RECORDS FOR THIS TASK

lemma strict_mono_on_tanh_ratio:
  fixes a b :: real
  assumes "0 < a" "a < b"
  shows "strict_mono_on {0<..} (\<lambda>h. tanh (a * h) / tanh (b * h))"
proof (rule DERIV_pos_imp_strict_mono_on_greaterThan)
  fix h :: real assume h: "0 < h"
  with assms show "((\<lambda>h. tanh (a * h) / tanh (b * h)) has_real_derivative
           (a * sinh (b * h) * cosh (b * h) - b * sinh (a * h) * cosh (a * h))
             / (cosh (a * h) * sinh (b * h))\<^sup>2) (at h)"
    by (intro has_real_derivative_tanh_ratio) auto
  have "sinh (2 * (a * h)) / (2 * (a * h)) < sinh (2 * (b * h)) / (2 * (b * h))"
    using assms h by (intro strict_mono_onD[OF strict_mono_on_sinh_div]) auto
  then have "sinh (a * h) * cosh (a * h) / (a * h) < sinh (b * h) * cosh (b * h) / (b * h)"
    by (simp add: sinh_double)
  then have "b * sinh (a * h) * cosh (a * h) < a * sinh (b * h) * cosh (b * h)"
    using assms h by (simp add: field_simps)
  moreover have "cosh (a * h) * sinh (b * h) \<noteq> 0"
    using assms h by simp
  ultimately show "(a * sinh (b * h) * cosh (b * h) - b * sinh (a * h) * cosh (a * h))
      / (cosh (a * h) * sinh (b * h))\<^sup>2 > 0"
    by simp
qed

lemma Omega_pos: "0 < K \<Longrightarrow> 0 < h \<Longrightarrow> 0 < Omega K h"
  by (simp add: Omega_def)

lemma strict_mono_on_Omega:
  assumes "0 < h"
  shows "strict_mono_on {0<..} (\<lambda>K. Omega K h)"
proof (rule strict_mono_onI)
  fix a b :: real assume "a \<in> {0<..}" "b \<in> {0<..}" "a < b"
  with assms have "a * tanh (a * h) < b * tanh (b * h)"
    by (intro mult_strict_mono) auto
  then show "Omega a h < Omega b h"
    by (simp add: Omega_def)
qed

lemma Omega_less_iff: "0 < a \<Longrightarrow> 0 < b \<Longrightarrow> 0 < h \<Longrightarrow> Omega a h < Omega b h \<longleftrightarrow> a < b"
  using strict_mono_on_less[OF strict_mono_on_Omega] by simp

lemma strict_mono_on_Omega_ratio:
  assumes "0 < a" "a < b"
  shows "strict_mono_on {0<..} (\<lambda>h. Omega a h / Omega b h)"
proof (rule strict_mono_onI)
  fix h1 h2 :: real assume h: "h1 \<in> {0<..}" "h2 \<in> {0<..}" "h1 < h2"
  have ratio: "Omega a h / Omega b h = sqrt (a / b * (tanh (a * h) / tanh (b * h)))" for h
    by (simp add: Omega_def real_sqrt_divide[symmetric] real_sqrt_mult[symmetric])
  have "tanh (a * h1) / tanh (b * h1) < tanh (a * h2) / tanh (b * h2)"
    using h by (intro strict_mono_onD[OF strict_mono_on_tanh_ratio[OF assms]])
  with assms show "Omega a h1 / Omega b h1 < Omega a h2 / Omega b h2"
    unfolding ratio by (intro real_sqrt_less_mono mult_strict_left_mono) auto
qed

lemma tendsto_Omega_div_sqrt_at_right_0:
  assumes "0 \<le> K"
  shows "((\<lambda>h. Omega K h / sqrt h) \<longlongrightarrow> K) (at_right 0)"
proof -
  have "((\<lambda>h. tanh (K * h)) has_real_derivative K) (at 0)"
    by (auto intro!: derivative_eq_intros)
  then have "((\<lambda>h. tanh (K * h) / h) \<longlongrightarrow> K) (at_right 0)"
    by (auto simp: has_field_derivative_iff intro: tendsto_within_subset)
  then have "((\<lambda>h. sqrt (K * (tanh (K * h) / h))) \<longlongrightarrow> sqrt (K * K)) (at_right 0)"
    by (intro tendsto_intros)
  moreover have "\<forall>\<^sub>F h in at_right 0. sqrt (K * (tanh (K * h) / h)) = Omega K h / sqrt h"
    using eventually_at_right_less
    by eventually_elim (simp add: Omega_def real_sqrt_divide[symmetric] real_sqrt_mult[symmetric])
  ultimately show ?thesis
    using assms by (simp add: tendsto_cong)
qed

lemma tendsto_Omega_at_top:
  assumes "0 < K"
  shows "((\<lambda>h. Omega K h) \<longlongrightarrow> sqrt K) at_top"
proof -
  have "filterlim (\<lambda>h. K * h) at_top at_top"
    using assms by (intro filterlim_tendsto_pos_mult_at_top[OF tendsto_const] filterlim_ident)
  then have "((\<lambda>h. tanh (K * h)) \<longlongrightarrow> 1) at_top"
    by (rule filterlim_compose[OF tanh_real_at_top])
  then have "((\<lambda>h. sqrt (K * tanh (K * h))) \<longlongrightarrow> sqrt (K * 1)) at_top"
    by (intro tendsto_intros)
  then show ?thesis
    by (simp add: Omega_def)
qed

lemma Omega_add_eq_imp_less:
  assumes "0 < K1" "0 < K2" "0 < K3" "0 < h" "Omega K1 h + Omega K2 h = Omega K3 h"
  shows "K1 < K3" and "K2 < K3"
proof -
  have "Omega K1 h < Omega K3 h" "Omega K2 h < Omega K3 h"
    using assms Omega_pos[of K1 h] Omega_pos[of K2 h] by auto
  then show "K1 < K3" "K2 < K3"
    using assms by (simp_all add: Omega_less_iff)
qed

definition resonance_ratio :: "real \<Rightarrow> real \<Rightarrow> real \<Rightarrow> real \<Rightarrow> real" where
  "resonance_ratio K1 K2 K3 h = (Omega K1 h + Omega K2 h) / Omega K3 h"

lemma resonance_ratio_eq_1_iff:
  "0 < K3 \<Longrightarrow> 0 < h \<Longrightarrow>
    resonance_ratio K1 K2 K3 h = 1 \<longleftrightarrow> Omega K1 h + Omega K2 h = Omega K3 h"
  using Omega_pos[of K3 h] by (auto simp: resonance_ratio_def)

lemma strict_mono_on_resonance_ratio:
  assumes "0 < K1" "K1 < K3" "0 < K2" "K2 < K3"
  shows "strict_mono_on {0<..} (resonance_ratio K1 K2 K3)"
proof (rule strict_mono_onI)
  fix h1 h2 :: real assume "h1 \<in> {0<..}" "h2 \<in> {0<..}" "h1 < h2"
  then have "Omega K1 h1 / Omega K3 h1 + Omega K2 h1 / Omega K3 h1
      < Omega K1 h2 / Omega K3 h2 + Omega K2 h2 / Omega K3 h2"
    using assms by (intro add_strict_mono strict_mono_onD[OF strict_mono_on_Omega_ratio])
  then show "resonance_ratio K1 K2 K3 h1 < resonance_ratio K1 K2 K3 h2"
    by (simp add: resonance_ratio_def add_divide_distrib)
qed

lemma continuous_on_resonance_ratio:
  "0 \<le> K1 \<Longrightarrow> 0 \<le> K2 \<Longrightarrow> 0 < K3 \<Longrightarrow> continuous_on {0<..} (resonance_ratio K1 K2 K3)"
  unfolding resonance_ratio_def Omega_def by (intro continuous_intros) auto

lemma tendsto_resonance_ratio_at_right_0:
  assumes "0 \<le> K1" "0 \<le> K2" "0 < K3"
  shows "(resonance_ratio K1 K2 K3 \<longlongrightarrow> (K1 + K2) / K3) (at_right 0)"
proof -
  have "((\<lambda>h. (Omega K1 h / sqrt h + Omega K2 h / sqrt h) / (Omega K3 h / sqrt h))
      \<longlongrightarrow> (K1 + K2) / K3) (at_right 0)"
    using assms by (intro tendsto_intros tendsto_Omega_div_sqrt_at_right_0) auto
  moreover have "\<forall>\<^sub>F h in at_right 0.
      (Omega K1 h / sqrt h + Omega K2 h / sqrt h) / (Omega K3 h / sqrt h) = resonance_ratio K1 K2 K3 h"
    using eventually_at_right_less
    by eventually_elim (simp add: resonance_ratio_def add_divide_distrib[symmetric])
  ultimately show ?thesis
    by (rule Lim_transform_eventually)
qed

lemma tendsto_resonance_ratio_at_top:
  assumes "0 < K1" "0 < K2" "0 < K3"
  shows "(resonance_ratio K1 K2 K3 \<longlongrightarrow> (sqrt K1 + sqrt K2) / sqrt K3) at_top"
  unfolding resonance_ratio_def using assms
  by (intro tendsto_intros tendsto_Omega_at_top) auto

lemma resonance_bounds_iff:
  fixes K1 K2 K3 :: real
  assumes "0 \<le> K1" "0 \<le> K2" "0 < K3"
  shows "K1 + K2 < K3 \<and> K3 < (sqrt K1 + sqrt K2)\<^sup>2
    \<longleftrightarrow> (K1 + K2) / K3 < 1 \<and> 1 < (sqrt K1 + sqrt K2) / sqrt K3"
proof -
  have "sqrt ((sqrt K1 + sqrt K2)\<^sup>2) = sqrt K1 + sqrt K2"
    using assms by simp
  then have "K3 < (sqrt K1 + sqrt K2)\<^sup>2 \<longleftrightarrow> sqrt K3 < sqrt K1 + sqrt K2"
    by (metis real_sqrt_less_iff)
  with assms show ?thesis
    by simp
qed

PROBLEM TO WORK ON
From the data above, output exactly the lines between the one containing "h = sqrt (a" and the one containing "h)) \<longlongrightarrow> 1)", counting both of them.

FINISHED EXERCISE
  have ratio: "Omega a h / Omega b h = sqrt (a / b * (tanh (a * h) / tanh (b * h)))" for h
    by (simp add: Omega_def real_sqrt_divide[symmetric] real_sqrt_mult[symmetric])
  have "tanh (a * h1) / tanh (b * h1) < tanh (a * h2) / tanh (b * h2)"
    using h by (intro strict_mono_onD[OF strict_mono_on_tanh_ratio[OF assms]])
  with assms show "Omega a h1 / Omega b h1 < Omega a h2 / Omega b h2"
    unfolding ratio by (intro real_sqrt_less_mono mult_strict_left_mono) auto
qed

lemma tendsto_Omega_div_sqrt_at_right_0:
  assumes "0 \<le> K"
  shows "((\<lambda>h. Omega K h / sqrt h) \<longlongrightarrow> K) (at_right 0)"
proof -
  have "((\<lambda>h. tanh (K * h)) has_real_derivative K) (at 0)"
    by (auto intro!: derivative_eq_intros)
  then have "((\<lambda>h. tanh (K * h) / h) \<longlongrightarrow> K) (at_right 0)"
    by (auto simp: has_field_derivative_iff intro: tendsto_within_subset)
  then have "((\<lambda>h. sqrt (K * (tanh (K * h) / h))) \<longlongrightarrow> sqrt (K * K)) (at_right 0)"
    by (intro tendsto_intros)
  moreover have "\<forall>\<^sub>F h in at_right 0. sqrt (K * (tanh (K * h) / h)) = Omega K h / sqrt h"
    using eventually_at_right_less
    by eventually_elim (simp add: Omega_def real_sqrt_divide[symmetric] real_sqrt_mult[symmetric])
  ultimately show ?thesis
    using assms by (simp add: tendsto_cong)
qed

lemma tendsto_Omega_at_top:
  assumes "0 < K"
  shows "((\<lambda>h. Omega K h) \<longlongrightarrow> sqrt K) at_top"
proof -
  have "filterlim (\<lambda>h. K * h) at_top at_top"
    using assms by (intro filterlim_tendsto_pos_mult_at_top[OF tendsto_const] filterlim_ident)
  then have "((\<lambda>h. tanh (K * h)) \<longlongrightarrow> 1) at_top"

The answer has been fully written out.